I am a keen observer of marriages. Call it curiosity i suppose, but I can’t help but watching how couples interact and correlating that to the level of satisfaction (both expressed and unarticulated) that exists in the relationship. One clear thing that i’ve come to learn is there’s no “one way” to do marriage well. What works for one couple might be disastrous for another. Just as no two people are identical, no two couples are either. When you combine two unique individuals in a marriage relationship you greatly increase the number of variables from couple to couple.

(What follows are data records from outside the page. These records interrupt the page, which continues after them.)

lemma strict_mono_on_funpow: "j \<le> k \<Longrightarrow> strict_mono_on I0 (h ^^ j)"
  using funpow_on_I0 by blast

lemma lo_Suc: "lo (Suc j) = (h ^^ j) (h (b - 1))"
  unfolding lo_def by (simp add: funpow_Suc_right del: funpow.simps)

lemma lo_hi_interlace: "j \<le> k \<Longrightarrow> lo j < hi j \<and> hi j < lo (Suc j)"
  unfolding lo_Suc unfolding lo_def hi_def
  using strict_mono_onD[OF strict_mono_on_funpow, of j "b-1" "h b"]
    strict_mono_onD[OF strict_mono_on_funpow, of j "h b" "h (b-1)"] h_b_gt h_b_lt by auto

lemma hi_lo_Suc_in_closure: "j \<le> k \<Longrightarrow> hi j \<in> closure ((h ^^ j) ` G) \<and> lo (Suc j) \<in> closure ((h ^^ j) ` G)"
  using funpow_on_I0[of j] h_b_lt unfolding lo_Suc hi_def by (auto simp: closure_G)

lemma hi_lo_Suc_left: "j < k \<Longrightarrow> hi j \<in> {b-1<..<0} \<and> lo (Suc j) \<in> {b-1<..<0}"
  using hi_lo_Suc_in_closure[of j] closure_funpow_G_left[of j] by auto

lemma hi_lo_Suc_right: "hi k \<in> {0<..<b} \<and> lo (Suc k) \<in> {0<..<b}"
  using hi_lo_Suc_in_closure[of k] closure_funpow_G_right by auto

lemma lo_ge: "j \<le> k \<Longrightarrow> b - 1 \<le> lo j"
  unfolding lo_def using funpow_on_I0[of j] h_b_lt h_b_gt by auto

lemma lo_k: "b - 1 < lo k" "lo k < 0"
  using hi_lo_Suc_left[of "k - 1"] k_ge1 by (cases k; simp)+

lemma lo_mono: "i \<le> j \<Longrightarrow> j \<le> Suc k \<Longrightarrow> lo i \<le> lo j"
proof (induction j)
  case (Suc j)
  then show ?case using lo_hi_interlace[of j] by (cases "i = Suc j") fastforce+
qed simp

lemma funpow_between: "z \<in> {b-1<..<h b} \<Longrightarrow> j \<le> k \<Longrightarrow> lo j < (h ^^ j) z \<and> (h ^^ j) z < hi j"
  unfolding lo_def hi_def
  using strict_mono_onD[OF strict_mono_on_funpow, of j "b-1" z]
    strict_mono_onD[OF strict_mono_on_funpow, of j z "h b"] h_b_gt h_b_lt by auto

lemma hi_lt_lo_k: "j < k \<Longrightarrow> hi j < lo k"
  using lo_hi_interlace[of j] lo_mono[of "Suc j" k] by auto

lemma left_branch_step:
  assumes "x \<in> {lo k..<0}"
  shows "h x \<in> {lo (Suc k)..<b}" "h (h x) \<in> {b-1<..<h b}"
proof -
  have lo_k: "lo k \<in> {b-1..<0}" using lo_k by auto
  have "h (lo k) \<le> h x"
    using assms lo_k by (cases "x = lo k") (auto intro!: less_imp_le strict_mono_onD[OF h_mono_left])
  then show hx: "h x \<in> {lo (Suc k)..<b}"
    using gap_map_left_lt[OF gap] assms lo_k by (auto simp: lo_def)
  then have "h x \<in> {0<..b}" using hi_lo_Suc_right by auto
  then show "h (h x) \<in> {b-1<..<h b}"
    using gap_map_right_gt[OF gap] hx b_pos by (auto intro: strict_mono_onD[OF h_mono_right])
qed

lemma right_branch_step: "x \<in> {0<..hi k} \<Longrightarrow> h x \<in> {b-1<..<h b}"
  using gap_map_right_gt[OF gap, of x] hi_lo_Suc_right b_pos
  by (auto intro: strict_mono_onD[OF h_mono_right])

lemma funpow_plus_1: "(h ^^ (j + 1)) x = (h ^^ j) (h x)"
  and funpow_plus_2: "(h ^^ (j + 2)) x = (h ^^ j) (h (h x))"
  by (simp_all add: funpow_Suc_right del: funpow.simps)

lemma left_orbit: "x \<in> {lo k..<0} \<Longrightarrow> j \<le> k \<Longrightarrow> lo j < (h ^^ (j + 2)) x \<and> (h ^^ (j + 2)) x < hi j"
  unfolding funpow_plus_2 using funpow_between left_branch_step(2) by blast

lemma right_orbit: "x \<in> {0<..hi k} \<Longrightarrow> j \<le> k \<Longrightarrow> lo j < (h ^^ (j + 1)) x \<and> (h ^^ (j + 1)) x < hi j"
  unfolding funpow_plus_1 using funpow_between right_branch_step by blast

lemma left_orbit_in_branch_interiors:
  assumes x: "x \<in> {lo k..<0}" and "i < k + 2"
  shows "(h ^^ i) x \<in> branch_interiors b"
proof -
  have "i = 0 \<or> i = 1 \<or> (i = (i - 2) + 2 \<and> i - 2 < k)" using \<open>i < k + 2\<close> by arith
  then consider "i = 0" | "i = 1" | j where "i = j + 2" "j < k" by blast
  then show ?thesis
  proof cases
    case 1 then show ?thesis using x lo_k by (auto simp: branch_interiors_def)
  next
    case 2 then show ?thesis using left_branch_step(1)[OF x] hi_lo_Suc_right
      by (auto simp: branch_interiors_def)
  next
    case 3 then show ?thesis using left_orbit[OF x, of j] lo_ge[of j] hi_lo_Suc_left[of j]
      by (auto simp: branch_interiors_def)
  qed
qed

lemma right_orbit_in_branch_interiors:
  assumes x: "x \<in> {0<..hi k}" and "i < k + 1"
  shows "(h ^^ i) x \<in> branch_interiors b"
proof (cases i)
  case 0 then show ?thesis using x hi_lo_Suc_right by (auto simp: branch_interiors_def)
next
  case (Suc j) then show ?thesis
    using right_orbit[OF x, of j] lo_ge[of j] hi_lo_Suc_left[of j] \<open>i < k + 1\<close>
    by (auto simp: branch_interiors_def)
qed

lemma return_time_left: "x \<in> {lo k..<0} \<Longrightarrow> return_time (lo k) (hi k) h x = k + 2"
  unfolding return_time_def
proof (rule Least_equality)
  assume x: "x \<in> {lo k..<0}"
  show "1 \<le> k + 2 \<and> (h ^^ (k + 2)) x \<in> {lo k..hi k}" using left_orbit[OF x, of k] by auto
  fix t assume t: "1 \<le> t \<and> (h ^^ t) x \<in> {lo k..hi k}"
  show "k + 2 \<le> t"
  proof (rule ccontr)
    assume "\<not> k + 2 \<le> t"
    then have "t = 1 \<or> (t = (t - 2) + 2 \<and> t - 2 < k)" using t by arith
    then consider "t = 1" | j where "t = j + 2" "j < k" by blast
    then show False
    proof cases
      case 1 then show ?thesis using t left_branch_step(1)[OF x] lo_hi_interlace[of k] by auto
    next
      case 2 then show ?thesis using t left_orbit[OF x, of j] hi_lt_lo_k[of j] by auto
    qed
  qed
qed

lemma return_time_right: "x \<in> {0<..hi k} \<Longrightarrow> return_time (lo k) (hi k) h x = k + 1"
  unfolding return_time_def
proof (rule Least_equality)
  assume x: "x \<in> {0<..hi k}"
  show "1 \<le> k + 1 \<and> (h ^^ (k + 1)) x \<in> {lo k..hi k}" using right_orbit[OF x, of k] by auto
  fix t assume t: "1 \<le> t \<and> (h ^^ t) x \<in> {lo k..hi k}"
  show "k + 1 \<le> t"
  proof (rule ccontr)
    assume "\<not> k + 1 \<le> t"
    then have "t = (t - 1) + 1 \<and> t - 1 < k" using t by arith
    then obtain j where "t = j + 1" "j < k" by blast
    then show False using t right_orbit[OF x, of j] hi_lt_lo_k[of j] by auto
  qed
qed

definition L where "L = hi k - lo k"
definition b' where "b' = hi k / L"
definition Rh where "Rh y = (h ^^ return_time (lo k) (hi k) h (L * y)) (L * y) / L"

lemma renorm_eq: "renorm_k b h = k \<Longrightarrow> renorm (b, h) = (b', Rh)"
proof -
  assume "renorm_k b h = k"
  then have "renorm_interval b h = (lo k, hi k)"
    using left unfolding renorm_interval_def Let_def lo_def hi_def
    by (simp add: funpow_Suc_right del: funpow.simps)
  then show ?thesis unfolding renorm_def Let_def by (simp add: b'_def Rh_def L_def fun_eq_iff)
qed

lemma L_pos: "0 < L" and L_le1: "L \<le> 1"
  unfolding L_def using lo_k hi_lo_Suc_right by auto

lemma b'_minus_1: "b' - 1 = lo k / L"
  unfolding b'_def using L_pos by (simp add: field_simps L_def)

lemma b'_pos: "0 < b'"
  unfolding b'_def using L_pos hi_lo_Suc_right by auto

lemma b'_minus_1_neg: "b' - 1 < 0"
  unfolding b'_minus_1 using L_pos lo_k by (simp add: divide_neg_pos)

lemma scale_left: "y \<in> {b'-1..<0} \<Longrightarrow> L * y \<in> {lo k..<0}"
  unfolding b'_minus_1 using L_pos by (auto simp: field_simps mult_neg_pos)

lemma scale_right: "y \<in> {0<..b'} \<Longrightarrow> L * y \<in> {0<..hi k}"
  unfolding b'_def using L_pos by (auto simp: field_simps)

lemma Rh_left: "y \<in> {b'-1..<0} \<Longrightarrow> Rh y = (h ^^ k) (h (h (L * y))) / L"
  unfolding Rh_def using return_time_left[OF scale_left] funpow_plus_2 by simp

lemma Rh_right: "y \<in> {0<..b'} \<Longrightarrow> Rh y = (h ^^ k) (h (L * y)) / L"
  unfolding Rh_def using return_time_right[OF scale_right] funpow_plus_1 by simp

lemma Rh_left_factors:
  assumes "y \<in> {b'-1..<0}"
  shows "L * y \<in> {b-1..<0}" "h (L * y) \<in> {0<..b}" "h (h (L * y)) \<in> I0"
  using scale_left[OF assms] left_branch_step[OF scale_left[OF assms]] lo_k hi_lo_Suc_right h_b_lt
  by auto

lemma Rh_right_factors:
  assumes "y \<in> {0<..b'}"
  shows "L * y \<in> {0<..b}" "h (L * y) \<in> I0"
  using scale_right[OF assms] right_branch_step[OF scale_right[OF assms]] hi_lo_Suc_right h_b_lt
  by auto

lemma scale_continuous_strict_mono:
  "continuous_on A (\<lambda>y. L * y) \<and> strict_mono_on A (\<lambda>y. L * y)"
  "continuous_on A (\<lambda>x. x / L) \<and> strict_mono_on A (\<lambda>x. x / L)"
  using L_pos by (auto intro!: continuous_intros strict_mono_onI simp: divide_strict_right_mono)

Having said that, while there may not be a single measure for “success” in marriage I have noticed that there are certain beliefs and behaviors that satisfying marriages have that are often missing in marriages that struggle. This is certainly not a comprehensive list, and I’d love to get others’ thoughts on this. But here are my starting thoughts on common things that drive successful marriages:

  • Shared beliefs around common goals – Are both partners aligned around what is most important in the marriage? The goals themselves can be widely varied from relationship to relationship, but it is critical that both agree in keeping “the main thing the main thing”. This could be raising a family, leaving a legacy, wealth, faith or a number of other things. Too often these are in conflict. If the wife considers the family to be the most important focus, but the husband is all about building wealth – conflict will occur. Decisions will become compromises. A wedge will start to form between the couple and will only grow over time.
  • Partner interests over self interests – Selfishness is a marriage killer. We’ve all heard that marriage is not 50/50, but do we really live it? If my life and energy is primarily focused on getting what I want, I will ultimately do so at my spouse’s expense. That may work for awhile, but eventually bitterness and resentment creep in. Once these seeds are planted, they are hard to eliminate. They leave a lasting impression. Strong marriages have an intense partner focus from both parties. “How will this affect him?” or “How will she react to this?” are great questions that are at least considered in strong marriages. I’m amazed how often these questions are not even considered.
  • Relying on God’s guidance – I’m fully aware that there are great marriages that exist where neither partner is a believer, and I’m equally aware that there are many Christian marriages that crash and burn. But from what I’ve seen, successful marriages realize that there is something bigger than themselves. They are not the end all be all but rather a piece of a much larger picture. For believers, couples can rely on God during great times and rough patches. Knowing that an unchanging God is there throughout can provide tremendous comfort. Additionally, praying for wisdom and guidance in a relationship can yield great results. We were not designed to go through this life alone, God intends for us to have tremendous marriages. Solid couples respect and rely on this, much to their advantage.
  • Solid communication – It seems this is an overused recommendation, but from what I’ve observed it is a very real key to marital security and happiness. Most wives will state that they wish their husbands would communicate more, and many husbands think their wives talk way too much. It’s not about quantity of communication. It is about listening to understand. I may not have much to say when asked how my day was. But I know that my wife is there to listen if I’m concerned about my job, or if I am facing a difficult decision. Sharing these tough times with her in a trusting, non-judgemental environment gives me the opportunity to “think out loud” and often get a perspective back that is wonderfully different from my own. If I try to keep these things from her, she knows something is up and distrust is created. Conversely, sometimes she will ask me for advice on issues she’s facing, and sometimes she just wants to vent and receive no advice back at all. Over time, I’ve learned how to tell the difference and respond accordingly. The key here is to know that you can talk to your spouse about what is important to you and know that you will be heard.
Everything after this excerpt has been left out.